Friday, June 29, 2018

CAPITAL GAZETTE MURDERS HIT HOME FOR ALL JOURNALISTS

Like many journalists -- likely including those who were murdered at The Capital Gazette in Annapolis on Thursday -- I have covered deadly events, murders, tragic accidents, horrific natural disasters and heartbreaking loss of life.

As a reporter, you have to overcome your own sadness or empathy to a degree in order to cover these events. Get the story, know the pain the victims are under, but get the facts together correctly and fairly.

But all of that went out the window on Thursday when I heard about the shooting at this local daily paper, which took the lives of four journalists and one sales associate at the hands of a revengeful, hateful person. It later was revealed that the gunman, Jarrod Ramos, had sued the paper, unsuccessfully, on a weak claim of defamation after it had reported on his arrest and guilty plea in a stalking case.

So these journalists, who had done their job reporting on this thug, paid the price that none should pay. Although reporters often pay it on a daily basis. The latest Committee to Protect Journalists data stated that at least 29 journalists had been killed on the job this year, and that does not include the countless times reporters are physically and verbally abused, called liars for reporting the truth, and threatened.

I have never been to the Capital Gazette, but it appears to be a great local daily paper like the ones I and many other reporters have worked at in our careers. The Daily Journal in Elizabeth, N.J.; The Argus in Fremont, Ca.; The Press-Enterprise in Riverside, CA., and the S.F. Independent in San Francisco were the Capital Gazettes of my life. We faced threats and anger in those newsrooms, as many journalists have around the country.

I had the son of a mayoral candidate in Linden, N.J, try to physically attack me when I reported on his father's actions, while a district attorney investigator in San Francisco left a threatening message on my voicemail when I covered his brother's poor legal history during a D.A. race. That led to a police investigation and his firing.

These are nothing compared to what the Annapolis newsroom went through. But they and many other such examples by reporters show the scary and potentially dangerous acts often committed against the press as they do their job. And the most recent rhetoric against news people, led in many ways by President Trump, only adds to the fervor.

I'm not saying that Ramos took Trump's unfair and hateful anti-press and "fake news" claims to heart and that they led him to commit the murders. But the recent angst against our profession that is only doing what it is constitutionally protected to do can be blamed at least in part on the president's hateful words.

And the rhetoric by many journalism opponents, often on the right, doesn't help either. Hate monger Milo Yiannopoulos, whom I won't even dignify as a journalist or valid commentator, said just days ago that, "I can’t wait for the vigilante squads to start gunning journalists down on sight."

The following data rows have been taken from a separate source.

lemma abs_cos_less_cos:
  assumes "0 \<le> b" "b < t" "t < pi - b"
  shows "\<bar>cos t\<bar> < cos b"
proof -
  have "cos t < cos b" "cos (pi - t) < cos b"
    using assms by (rule_tac cos_monotone_0_pi; linarith)+
  then show ?thesis by (simp add: abs_less_iff)
qed

lemma band_if_abs_cos_le_cos:
  assumes "0 \<le> t" "t \<le> pi" "0 \<le> b" "b \<le> pi" "\<bar>cos t\<bar> \<le> cos b"
  shows "b \<le> t" "t \<le> pi - b"
proof -
  have "cos t \<le> cos b" "cos (pi - t) \<le> cos b"
    using assms(5) by (simp_all add: abs_le_iff)
  with assms(1-4) have "b \<le> t" "b \<le> pi - t"
    by (subst (asm) cos_mono_le_eq; linarith)+
  then show "b \<le> t" "t \<le> pi - b"
    by simp_all
qed

lemma cos3_add_cos: "cos (3 * t :: real) + cos t = 4 * cos t ^ 3 - 2 * cos t"
  by (simp add: cos_treble_cos)

section \<open>The cubic \<open>4 c\<^sup>3 - 2 c\<close>\<close>

lemma cubic_root_bounds:
  fixes \<alpha> :: real
  assumes "4 * \<alpha>^3 - 2 * \<alpha> = 1"
  shows "17/20 < \<alpha>" "\<alpha> < 1" "0 < 3 * \<alpha>\<^sup>2 - 2"
proof -
  have factor: "4 * \<alpha>^3 - 2 * \<alpha> - 1 = (\<alpha> - c) * ((2 * \<alpha> + c)\<^sup>2 + 3 * c\<^sup>2 - 2) + (4 * c^3 - 2 * c - 1)"
    for c :: real
    by (simp add: algebra_simps power2_eq_square power3_eq_cube)
  have "0 \<le> (2 * \<alpha> + 17/20)\<^sup>2"
    by simp
  then have "(\<alpha> - 17/20) * ((2 * \<alpha> + 17/20)\<^sup>2 + 3 * (17/20)\<^sup>2 - 2) > 0"
    using assms factor[of "17/20"] by (simp add: power2_eq_square power3_eq_cube)
  moreover have "3 * (17/20)\<^sup>2 - 2 = (67/400::real)"
    by (simp add: power2_eq_square)
  then have "(2 * \<alpha> + 17/20)\<^sup>2 + 3 * (17/20)\<^sup>2 - 2 > (0::real)"
    using \<open>0 \<le> (2 * \<alpha> + 17/20)\<^sup>2\<close> by linarith
  ultimately show "17/20 < \<alpha>"
    by (simp add: zero_less_mult_iff)
  show "\<alpha> < 1"
  proof (rule ccontr)
    assume "\<not> \<alpha> < 1"
    then have "1 \<le> \<alpha>\<^sup>2"
      by (simp add: one_le_power)
    then have "\<alpha> \<le> \<alpha>^3"
      using mult_left_mono[of 1 "\<alpha>\<^sup>2" \<alpha>] \<open>\<not> \<alpha> < 1\<close> by (simp add: power3_eq_cube power2_eq_square)
    then show False
      using assms \<open>\<not> \<alpha> < 1\<close> by linarith
  qed
  have "(17/20)\<^sup>2 < \<alpha>\<^sup>2"
    using \<open>17/20 < \<alpha>\<close> by (intro power_strict_mono) auto
  then show "0 < 3 * \<alpha>\<^sup>2 - 2"
    by (simp add: power2_eq_square)
qed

And Fox News Host Sean Hannity somehow tried to blame Congresswoman Maxine Waters, D-Ca., for the shooting, saying her recent calls to keep protesting and "push back on" Trump administration officials could be linked to the shooting. No surprise Hannity has no idea what he is talking about.

As for the Capital Gazette, its record of solid journalism appears clear. Just last month the paper won a string of prizes from the Maryland, Delaware, District of Columbia Press Association awards, including "extensive coverage of gang violence, the removal of the Roger B. Taney statue, sports events, a profile on the new Annapolis mayor, education writing and more," according to its own story of the honors.

Among the winners were Editorial Page Editor Gerald Fischman, who took first and second place for editorial writing that objected to the lack of a hate crime charge against a man who left a noose at a local school and a county councilman's censorship of public speakers, and Assistant Editor Rob Hiaasen, who won first place for a feature column about living near a segregated beach in Florida. 

Both were killed Thursday.

The paper apparently never won a Pulitzer Prize, not surprising for a small daily that churns out the needed local news on a regular basis and often has few resources or little time for the big, epic investigations. But it did get honored today when the Pulitzer Board posted the following statement online:

The Pulitzer Prize Board expresses heartfelt condolences to the victims and families of the horrific newsroom shooting at the Capital Gazette newspaper in Annapolis, Md. Our thoughts and prayers are with all who are affected by the tragedy today at an institution that traces its origins to 1727.